Store Network and Expansion Visibility
As of February 2025, Kiaasa operates around 113 Exclusive Brand Outlets (EBOs) across approximately 70 cities in India. The store footprint spans Tier 1, Tier 2 and Tier 3 markets, with Uttar Pradesh emerging as the largest contributing state, accounting for roughly 29% of revenue in 11M FY25.

The company follows a cluster-based expansion strategy, focusing on high-footfall high streets and regional malls. Average store size ranges between 500 and 1,500 square feet, enabling standardised rollout and relatively moderate per-store capex compared to large format apparel retailers.

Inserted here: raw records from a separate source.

text \<open>
  For \<open>0 \<le> S \<le> M\<close> put \<open>W = M - S\<close>; then \<open>S W S + W S W = M S W\<close>, and both summands are
  positive because \<open>S\<close> and \<open>W\<close> are selfadjoint. This replaces the usual square-root argument.
\<close>

lemma positive_norm_power2_le:
  assumes lin: "linear S" and sa: "selfadjoint_op S" and M: "M > 0"
    and pos: "\<And>x. 0 \<le> Re (cinner (S x) x)" and bound: "\<And>x. Re (cinner (S x) x) \<le> M * (norm x)\<^sup>2"
  shows "(norm (S x))\<^sup>2 \<le> M * Re (cinner (S x) x)"
proof -
  define W where "W y = M *\<^sub>R y - S y" for y
  have W_pos: "0 \<le> Re (cinner (W y) y)" for y
    using bound[of y] by (simp add: W_def cinner_diff_left cinner_scaleR_left Re_cinner_self)
  have W_sa: "cinner (W y) z = cinner y (W z)" for y z
    using sa by (simp add: W_def cinner_diff_left cinner_diff_right cinner_scaleR_left
        cinner_scaleR_right selfadjoint_op_def)
  have SW: "S (W y) = M *\<^sub>R S y - S (S y)" for y
    by (simp add: W_def linear_diff[OF lin] linear_scale[OF lin])
  have sum: "S (W (S x)) + W (S (W x)) = M *\<^sub>R S (W x)"
    by (simp add: SW W_def linear_diff[OF lin] linear_scale[OF lin] algebra_simps)
  have "0 \<le> Re (cinner (S (W (S x))) x)"
    using W_pos[of "S x"] sa by (simp add: selfadjoint_op_def)
  moreover have "0 \<le> Re (cinner (W (S (W x))) x)"
    using pos[of "W x"] by (simp add: W_sa)
  moreover have "M * Re (cinner (S (W x)) x) = Re (cinner (S (W (S x)) + W (S (W x))) x)"
    by (simp add: sum cinner_scaleR_left)
  then have "M * Re (cinner (S (W x)) x)
      = Re (cinner (S (W (S x))) x) + Re (cinner (W (S (W x))) x)"
    by (simp add: cinner_add_left)
  moreover have "cinner (S (S x)) x = cinner (S x) (S x)"
    using sa by (simp add: selfadjoint_op_def)
  then have "Re (cinner (S (W x)) x) = M * Re (cinner (S x) x) - (norm (S x))\<^sup>2"
    by (simp add: SW cinner_diff_left cinner_scaleR_left Re_cinner_self)
  ultimately have "0 \<le> M * (M * Re (cinner (S x) x) - (norm (S x))\<^sup>2)"
    by (metis add_nonneg_nonneg)
  then show ?thesis using M by (simp add: zero_le_mult_iff)
qed

lemma numerical_range_Inf:
  fixes T :: "'a::chilbert \<Rightarrow> 'a" and x0 :: 'a
  assumes T: "bounded_linear T" and x0: "x0 \<noteq> 0"
  obtains m where "\<And>x. m * (norm x)\<^sup>2 \<le> Re (cinner (T x) x)"
    and "\<And>e. e > 0 \<Longrightarrow> \<exists>u. norm u = 1 \<and> Re (cinner (T u) u) < m + e"
proof -
  define V where "V = (\<lambda>u. Re (cinner (T u) u)) ` {u. norm u = 1}"
  have "(1 / norm x0) *\<^sub>R x0 \<in> {u. norm u = 1}" using x0 by simp
  then have V_ne: "V \<noteq> {}" unfolding V_def by blast
  have "- onorm T \<le> Re (cinner (T u) u)" if "norm u = 1" for u
    using abs_Re_cinner_le_norm[of "T u" u] onorm[OF T, of u] that by simp
  then have V_bdd: "bdd_below V" by (auto simp: V_def bdd_below_def)
  have linT: "linear T" using T bounded_linear.linear by blast
  show ?thesis
  proof
    fix x
    show "Inf V * (norm x)\<^sup>2 \<le> Re (cinner (T x) x)"
    proof (cases "x = 0")
      case False
      define u where "u = (1 / norm x) *\<^sub>R x"
      have "Inf V \<le> Re (cinner (T u) u)"
        using False by (intro cInf_lower[OF _ V_bdd]) (simp add: V_def u_def)
      also have "\<dots> = Re (cinner (T x) x) / (norm x)\<^sup>2"
        by (simp add: u_def linear_scale[OF linT] cinner_scaleR_left cinner_scaleR_right
            power2_eq_square)
      finally show ?thesis using False by (simp add: pos_le_divide_eq)
    qed (simp add: linear_0[OF linT])
  next
    fix e :: real
    assume "e > 0"
    then obtain v where "v \<in> V" "v < Inf V + e"
      using cInf_lessD[OF V_ne, of "Inf V + e"] by auto
    then show "\<exists>u. norm u = 1 \<and> Re (cinner (T u) u) < Inf V + e" by (auto simp: V_def)
  qed
qed

definition bounded_below_op :: "('a::real_normed_vector \<Rightarrow> 'b::real_normed_vector) \<Rightarrow> bool" where
  "bounded_below_op T \<longleftrightarrow> (\<exists>d>0. \<forall>x. d * norm x \<le> norm (T x))"

lemma coercive_imp_bounded_below_op:
  assumes d: "d > 0" and coercive: "\<And>x. d * (norm x)\<^sup>2 \<le> Re (cinner (T x) x)"
  shows "bounded_below_op T"
  unfolding bounded_below_op_def
proof (intro exI conjI allI)
  fix x
  have "(d * norm x) * norm x \<le> norm (T x) * norm x"
    using coercive[of x] Re_cinner_le_norm[of "T x" x] by (simp add: power2_eq_square mult.assoc)
  then show "d * norm x \<le> norm (T x)"
    by (cases "x = 0") auto
qed (fact d)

Unlike EPC players that rely on project pipelines, Kiaasa’s revenue visibility is driven by:

• Existing mature store base
• Same-store sales growth
• New store additions
• Seasonal festive launches

Revenue has scaled from ₹26.33 crore in FY22 to ₹107.66 crore in 11M FY25, reflecting rapid network expansion and improving store productivity.

Key Business Strategies

1. Geographic Deepening: The company has built a strong presence in northern India, particularly Uttar Pradesh and Delhi NCR. Expansion strategy focuses on penetrating Tier 2 and Tier 3 cities where rental costs are lower, and competition from national chains is relatively moderate.

2. Product Concentration with Depth: 79% of 11M FY25 revenue comes from Salwar-Kurta-Dupatta sets, indicating a focused merchandising strategy rather than wide diversification. The company intends to strengthen its core category while selectively expanding adjacent segments like gowns and co-ord sets.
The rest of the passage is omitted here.